If the Redskins win, though, they will own a big victory over the team they would most likely have to face sooner or later in the postseason, provided they want to be NFC champions. If they win, the Redskins will take a 7-4 record into the following week's important contest against the Eagles, who lead the NFC East with an 8-4 record.

With a victory over the Eagles, the Redskins would come out of the Philadelphia game with an 8-4 record and a reasonable chance to finish at least 11-5, and possibly 12-4. Look at the remainder of their schedule: the beatable Giants at home the following week, the ghost of the Cowboys in Dallas the next week, a tough Steelers team in Pittsburgh the week after and Arizona at home in the final game. A successful run like that might be enough to take some of the steam out of the speculation that Turner might not survive speculation that has existed ever since Snyder purchased the franchise.

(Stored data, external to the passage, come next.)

(* Let $K$ be a field, $V$ a $K$-vector space, and $(V_x)_{x\in E}$ a family of subspaces of $V$ indexed by a finite set $E$, representing the polymatroid $(E,f)$ with $f(S)=\dim\big(\sum_{x\in S}V_x\big)$. Let $W_1,W_2,W_3$ be three pairwise distinct one-dimensional subspaces of $K^2$ (a linear representation of $U_{2,3}$). Define $g$ on subsets of $E\times\{1,2,3\}$ by $g(S)=\dim\big(\sum_{(x,i)\in S}V_x\otimes W_i\big)$, the sum taken inside $V\otimes_K K^2$. Then $(E\times\{1,2,3\},g)$ is a tensor product of $(E,f)$ and $U_{2,3}$, and for all $A_1,A_2,A_3\subseteq E$, writing $U_i=\sum_{x\in A_i}V_x$, \[ g\big((A_1\times\{1\})\cup(A_2\times\{2\})\cup(A_3\times\{3\})\big)=f(A_1)+f(A_2)+f(A_3)-\dim(U_1\cap U_2\cap U_3). \]
   Context: A polymatroid $(E,f)$ consists of a finite ground set $E$ and a function $f\colon 2^E\to\mathbb{R}$ with $f(\emptyset)=0$ that is monotone and submodular. The uniform matroid $U_{2,3}$ is the polymatroid on $\{1,2,3\}$ with rank function $r(T)=\min\{|T|,2\}$. A tensor product of polymatroids $(E_1,f_1)$ and $(E_2,f_2)$ is a polymatroid $(E_1\times E_2,g)$ such that $g(S\times T)=f_1(S)f_2(T)$ for all $S\subseteq E_1$, $T\subseteq E_2$. *)

theory Defs
  imports "HOL-Analysis.Analysis" "HOL-Library.Product_Plus"
begin

definition polymatroid :: "'a set \<Rightarrow> ('a set \<Rightarrow> real) \<Rightarrow> bool" where
  "polymatroid E f \<longleftrightarrow> finite E \<and> f {} = 0 \<and>
     (\<forall>S T. S \<subseteq> T \<and> T \<subseteq> E \<longrightarrow> f S \<le> f T) \<and>
     (\<forall>S T. S \<subseteq> E \<and> T \<subseteq> E \<longrightarrow> f (S \<union> T) + f (S \<inter> T) \<le> f S + f T)"
(* Consider the linear model $\eta(x,\theta)=f^\top(x)\theta$ with $\Theta=\mathbb{R}^p$, and let $\theta^{(0)}\in\mathbb{R}^p$ be arbitrary. Define, for $\xi\in\Xi$, $$\phi_{eD}(\xi)=\min_{(\theta^{(1)},\dots,\theta^{(p)})\in\mathcal{V}_{\theta^{(0)}}}\frac{\frac1p\sum_{i=1}^p\|\eta(\cdot,\theta^{(i)})-\eta(\cdot,\theta^{(0)})\|_\xi^2}{\left[\prod_{j=1}^p\|\theta^{(j)}-\theta^{(0)}\|^2\right]^{1/p}},$$ $$\phi_{eA}(\xi)=\min_{(\theta^{(1)},\dots,\theta^{(p)})\in\mathcal{V}_{\theta^{(0)}}}\frac{\sum_{i=1}^p\|\theta^{(i)}-\theta^{(0)}\|^2\,\|\eta(\cdot,\theta^{(i)})-\eta(\cdot,\theta^{(0)})\|_\xi^2}{\left[\sum_{j=1}^p\|\theta^{(j)}-\theta^{(0)}\|^2\right]^2},$$ $$\phi_{eE_k}(\xi)=\min_{(\theta^{(1)},\dots,\theta^{(p)})\in\mathcal{V}_{\theta^{(0)}}}\sum_{i=1}^k\frac{\|\eta(\cdot,\theta^{(i)})-\eta(\cdot,\theta^{(0)})\|_\xi^2}{\|\theta^{(i)}-\theta^{(0)}\|^2}.$$ Then these minima are attained, $\phi_{eD}(\xi)=\phi_D(\xi)$ and $\phi_{eA}(\xi)=\phi_A(\xi)$ for every $\xi\in\Xi^+$, and $\phi_{eE_k}(\xi)=\phi_{E_k}(\xi)$ for every $\xi\in\Xi$ and $k\in\{1,\dots,p\}$.
   Context: $\mathcal{X}$ is a finite set, $f:\mathcal{X}\to\mathbb{R}^p$, $\Xi$ the set of probability measures on $\mathcal{X}$, $M(\xi)=\sum_x f(x)f^\top(x)\xi(x)$, $\Xi^+=\{\mu\in\Xi: M(\mu)\text{ nonsingular}\}$. $\phi_D(\xi)=\det^{1/p}M(\xi)$, $\phi_A(\xi)=1/\mathrm{tr}M^{-1}(\xi)$, $\phi_{E_k}(\xi)$ = sum of the $k$ smallest eigenvalues (with multiplicity) of $M(\xi)$. $\mathcal{V}_{\theta^{(0)}}$ is the set of $p$-tuples $(\theta^{(1)},\dots,\theta^{(p)})$ of vectors in $\Theta$ with $\theta^{(i)}-\theta^{(0)}\neq0$ for all $i$ and $(\theta^{(i)}-\theta^{(0)})^\top(\theta^{(j)}-\theta^{(0)})=0$ for $i\ne j$. $\|\cdot\|$ is the Euclidean norm and $\|\eta(\cdot,\theta)-\eta(\cdot,\theta')\|_\xi^2=\sum_{x\in\mathcal{X}}[\eta(x,\theta)-\eta(x,\theta')]^2\xi(x)$. *)

theory Defs
  imports "HOL-Analysis.Analysis" "HOL-Computational_Algebra.Polynomial"
begin

text \<open>A design is a probability measure on the finite design space, i.e. on the
  finite type 'x: a nonnegative weight function summing to one.\<close>
definition design :: "('x::finite \<Rightarrow> real) \<Rightarrow> bool" where
  "design \<xi> \<longleftrightarrow> (\<forall>x. 0 \<le> \<xi> x) \<and> sum \<xi> UNIV = 1"

definition outer :: "real^'p \<Rightarrow> real^'p \<Rightarrow> real^'p^'p" where
  "outer a b = (\<chi> i j. a$i * b$j)"

definition info_matrix :: "('x::finite \<Rightarrow> real^'p) \<Rightarrow> ('x \<Rightarrow> real) \<Rightarrow> real^'p^'p" where
  "info_matrix f \<xi> = (\<Sum>x\<in>UNIV. \<xi> x *\<^sub>R outer (f x) (f x))"

definition design_plus :: "('x::finite \<Rightarrow> real^'p) \<Rightarrow> ('x \<Rightarrow> real) \<Rightarrow> bool" where
  "design_plus f \<xi> \<longleftrightarrow> design \<xi> \<and> invertible (info_matrix f \<xi>)"

definition phi_D :: "('x::finite \<Rightarrow> real^'p) \<Rightarrow> ('x \<Rightarrow> real) \<Rightarrow> real" where
  "phi_D f \<xi> = det (info_matrix f \<xi>) powr (1 / real CARD('p))"

definition phi_A :: "('x::finite \<Rightarrow> real^'p) \<Rightarrow> ('x \<Rightarrow> real) \<Rightarrow> real" where
  "phi_A f \<xi> = 1 / trace (matrix_inv (info_matrix f \<xi>))"

text \<open>Characteristic polynomial det(t I - A); its roots counted with multiplicity are
  the eigenvalues of A counted with multiplicity.\<close>
definition charpoly :: "real^'p^'p \<Rightarrow> real poly" where
  "charpoly A = det (\<chi> i j. (if i = j then [:0, 1:] else 0) - [: A$i$j :])"

definition eigenvalues_sorted :: "real^'p^'p \<Rightarrow> real list" where
  "eigenvalues_sorted A = sorted_list_of_multiset (proots (charpoly A))"

definition phi_E :: "nat \<Rightarrow> ('x::finite \<Rightarrow> real^'p) \<Rightarrow> ('x \<Rightarrow> real) \<Rightarrow> real" where
  "phi_E k f \<xi> = sum_list (take k (eigenvalues_sorted (info_matrix f \<xi>)))"

definition xi_dist2 :: "('x::finite \<Rightarrow> 't \<Rightarrow> real) \<Rightarrow> ('x \<Rightarrow> real) \<Rightarrow> 't \<Rightarrow> 't \<Rightarrow> real" where
  "xi_dist2 \<eta> \<xi> th th' = (\<Sum>x\<in>UNIV. (\<eta> x th - \<eta> x th')\<^sup>2 * \<xi> x)"

definition lin_model :: "('x \<Rightarrow> real^'p) \<Rightarrow> 'x \<Rightarrow> real^'p \<Rightarrow> real" where
  "lin_model f x th = f x \<bullet> th"

text \<open>V_{theta0} with Theta = R^p: p-tuples (lists of length p) of vectors theta^(i),
  theta^(i) - theta0 nonzero and pairwise orthogonal. Entry i of the list (0-based)
  is theta^(i+1).\<close>
definition V_set :: "real^'p \<Rightarrow> (real^'p) list set" where
  "V_set th0 = {ts. length ts = CARD('p) \<and> (\<forall>i<CARD('p). ts!i - th0 \<noteq> 0) \<and>
      (\<forall>i<CARD('p). \<forall>j<CARD('p). i \<noteq> j \<longrightarrow> (ts!i - th0) \<bullet> (ts!j - th0) = 0)}"

definition obj_eD :: "('x::finite \<Rightarrow> real^'p \<Rightarrow> real) \<Rightarrow> ('x \<Rightarrow> real) \<Rightarrow> real^'p \<Rightarrow> (real^'p) list \<Rightarrow> real" where
  "obj_eD \<eta> \<xi> th0 ts =
     ((1 / real CARD('p)) * (\<Sum>i<CARD('p). xi_dist2 \<eta> \<xi> (ts!i) th0)) /
     ((\<Prod>j<CARD('p). (norm (ts!j - th0))\<^sup>2) powr (1 / real CARD('p)))"

definition obj_eA :: "('x::finite \<Rightarrow> real^'p \<Rightarrow> real) \<Rightarrow> ('x \<Rightarrow> real) \<Rightarrow> real^'p \<Rightarrow> (real^'p) list \<Rightarrow> real" where
  "obj_eA \<eta> \<xi> th0 ts =
     (\<Sum>i<CARD('p). (norm (ts!i - th0))\<^sup>2 * xi_dist2 \<eta> \<xi> (ts!i) th0) /
     (\<Sum>j<CARD('p). (norm (ts!j - th0))\<^sup>2)\<^sup>2"

definition obj_eE :: "nat \<Rightarrow> ('x::finite \<Rightarrow> real^'p \<Rightarrow> real) \<Rightarrow> ('x \<Rightarrow> real) \<Rightarrow> real^'p \<Rightarrow> (real^'p) list \<Rightarrow> real" where
  "obj_eE k \<eta> \<xi> th0 ts =
     (\<Sum>i<k. xi_dist2 \<eta> \<xi> (ts!i) th0 / (norm (ts!i - th0))\<^sup>2)"

definition phi_eD where "phi_eD \<eta> \<xi> th0 = Inf (obj_eD \<eta> \<xi> th0 ` V_set th0)"
definition phi_eA where "phi_eA \<eta> \<xi> th0 = Inf (obj_eA \<eta> \<xi> th0 ` V_set th0)"
definition phi_eE where "phi_eE k \<eta> \<xi> th0 = Inf (obj_eE k \<eta> \<xi> th0 ` V_set th0)"

end

theory Submission
  imports Defs
begin
lemma conv_check_in_Ap:
  assumes p: "1 < p" and f: "in_Lp \<mu> p f" and g: "in_Lp \<mu> (conj_exp p) g"
  shows "conv \<mu> g (check f) \<in> Ap \<mu> p"
    and "Ap_norm \<mu> p (conv \<mu> g (check f)) \<le> Lp_norm \<mu> p f * Lp_norm \<mu> (conj_exp p) g"
proof -
  define F where "F i = (if i = 0 then f else (\<lambda>_. 0))" for i :: nat
  define G where "G i = (if i = 0 then g else (\<lambda>_. 0))" for i :: nat
  have norm_sum: "(\<lambda>i. Lp_norm \<mu> p (F i) * Lp_norm \<mu> (conj_exp p) (G i)) sums (Lp_norm \<mu> p f * Lp_norm \<mu> (conj_exp p) g)"
    using sums_single[of 0 "\<lambda>_. Lp_norm \<mu> p f * Lp_norm \<mu> (conj_exp p) g"]
    by (simp add: F_def G_def Lp_norm_def if_distrib cong: if_cong)
  have "(\<lambda>i. conv \<mu> (G i) (check (F i)) x) = (\<lambda>i. if i = 0 then conv \<mu> g (check f) x else 0)" for x
    by (auto simp: F_def G_def conv_def)
  then have conv_sum: "(\<lambda>i. conv \<mu> (G i) (check (F i)) x) sums conv \<mu> g (check f) x" for x
    using sums_single[of 0 "\<lambda>_. conv \<mu> g (check f) x"] by simp
  have r: "Ap_rep \<mu> p (conv \<mu> g (check f)) F G"
    using f g norm_sum conv_sum unfolding Ap_rep_def by (auto simp: F_def G_def in_Lp_def sums_iff)
  then show "conv \<mu> g (check f) \<in> Ap \<mu> p"
    unfolding Ap_def by blast
  show "Ap_norm \<mu> p (conv \<mu> g (check f)) \<le> Lp_norm \<mu> p f * Lp_norm \<mu> (conj_exp p) g"
    using Ap_norm_le_Ap_rep_sum[OF p r] norm_sum by (simp add: sums_iff)
qed

definition bump :: "'a \<Rightarrow> 'a set \<Rightarrow> 'a \<Rightarrow> complex" where
  "bump x0 V = conv \<mu> (\<lambda>y. complex_of_real (indicator ((\<lambda>z. x0 + z) ` V) y / measure \<mu> V))
                      (check (\<lambda>y. complex_of_real (indicator V y)))"

lemma bump_eq:
  assumes V: "V \<in> sets borel" "emeasure \<mu> V < \<infinity>"
  shows "bump x0 V x = measure \<mu> ((\<lambda>z. x0 + z) ` V \<inter> (\<lambda>z. x + z) ` V) / measure \<mu> V"
proof -
  have V_translate: "(\<lambda>z. a + z) ` V \<in> sets \<mu>" for a
    using translate_sets V(1) sets_eq_borel by metis
  have "emeasure \<mu> ((\<lambda>z. x0 + z) ` V \<inter> (\<lambda>z. x + z) ` V) \<le> emeasure \<mu> ((\<lambda>z. x0 + z) ` V)"
    using V_translate by (intro emeasure_mono) auto
  also have "\<dots> = emeasure \<mu> V"
    by (rule emeasure_translate[OF V(1)])
  finally have fin: "emeasure \<mu> ((\<lambda>z. x0 + z) ` V \<inter> (\<lambda>z. x + z) ` V) < \<infinity>"
    using V(2) by (rule le_less_trans)
  have "indicator V (- x + y) = (indicator ((\<lambda>z. x + z) ` V) y :: real)" for y
    by (auto simp: indicator_def image_iff)
  then have "bump x0 V x = (\<integral>y. complex_of_real (indicator ((\<lambda>z. x0 + z) ` V \<inter> (\<lambda>z. x + z) ` V) y / measure \<mu> V) \<partial>\<mu>)"
    unfolding bump_def conv_check by (intro Bochner_Integration.integral_cong) (auto simp: indicator_inter_arith)
  also have "\<dots> = measure \<mu> ((\<lambda>z. x0 + z) ` V \<inter> (\<lambda>z. x + z) ` V) / measure \<mu> V"
    using fin V_translate by simp
  finally show ?thesis .
qed
(* For every $\beta\in\mathbb{C}$, the linear map $\mathrm{d}_{1-\beta,\beta}:\mathcal{W}\to\mathcal{F}_{1-\beta}\otimes\mathcal{F}_\beta$ defined by $$\mathrm{d}_{1-\beta,\beta}(L_n)=\begin{cases}\sum_{i=0}^{n-1}(i-n\beta)v_i\otimes v_{n-i},&n\geq1;\\ 0,&n=0;\\ -\sum_{i=n}^{-1}(i-n\beta)v_i\otimes v_{n-i},&n\leq -1\end{cases}$$ is a 1-cocycle which is not a 1-coboundary.
   Context: The Witt algebra $\mathcal{W}$ has basis $\{L_n\mid n\in\mathbb{Z}\}$ and bracket $[L_m,L_n]=(m-n)L_{m+n}$. $\mathcal{F}_\alpha$ has basis $\{v_n\}$ with $L_m\cdot v_n=-(\alpha m+n)v_{m+n}$; $\mathcal{F}_\alpha\otimes\mathcal{F}_\beta$ is a $\mathcal{W}$-module via $L_m\cdot(v_i\otimes v_j)=-(i+\alpha m)v_{m+i}\otimes v_j-(j+\beta m)v_i\otimes v_{m+j}$. A 1-cocycle is a linear map $d$ with $d([x,y])=x\cdot d(y)-y\cdot d(x)$; a 1-coboundary is a map $x\mapsto x\cdot v$ for a fixed $v$ in the module. *)

theory Defs
  imports Complex_Main
begin

text \<open>Elements of the Witt algebra W are finitely supported coefficient functions
  x :: int \<Rightarrow> complex, representing \<Sum>n. x n L_n.  Elements of
  F_alpha \<otimes> F_beta are finitely supported functions v :: int \<times> int \<Rightarrow> complex,
  representing \<Sum>(i,j). v (i,j) v_i \<otimes> v_j.\<close>

definition supp :: "('a \<Rightarrow> complex) \<Rightarrow> 'a set" where
  "supp f = {k. f k \<noteq> 0}"

definition Witt :: "(int \<Rightarrow> complex) set" where
  "Witt = {x. finite (supp x)}"
theorem proposition4p1:
  fixes Q :: "'a monoid"
  assumes "loop Q"
    and "power_associative Q"
    and "cyclic_group (factor_loop Q (loop_center Q))"
  shows "comm_group Q"
proof -
  interpret power_assoc_loop Q
    using assms(1,2) by unfold_locales
  obtain g where "g \<in> carrier Q"
    and "\<And>x. x \<in> carrier Q \<Longrightarrow> \<exists>h\<in>subloop_gen Q {g}. \<exists>z\<in>loop_center Q. x = h \<otimes>\<^bsub>Q\<^esub> z"
    using cyclic_factor_loop_decomposition[OF assms(3)] by blast
  then show ?thesis
    by (rule comm_group_if_monogenic_times_center)
qed

end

Then again, if you believe everything you hear, Turner is in line to run the whole show in San Diego coach and general manager. Snyder may hardly have to push Turner. He might be more than willing to jump.

It may be hard to believe that another team might not only want to hire Turner as a head coach, given his dismal record in Washington, but as the main talent evaluator as well. Norv Turner, meet Ryan Leaf, Heath Shuler reincarnate.

But if you believe everything you hear, Turner is an offensive genius. This must be like one of those whistles that only dogs can hear.

If Turner is fired or leaves, we will start all over again, this time with the owner's coach and the owner's quarterback, Jeff George, since Brad Johnson will likely be jumping this sinking ship as well. There will be no five-year or three-year or even two-year plan for the next coach. He will be expected to take this team and win right away, and there is little doubt that win, in this case, is not just a winning record or a postseason appearance. Win would be defined as making it to an NFC title game.

If that doesn't happen, whose fault will it be then? Sonny Jurgensen's?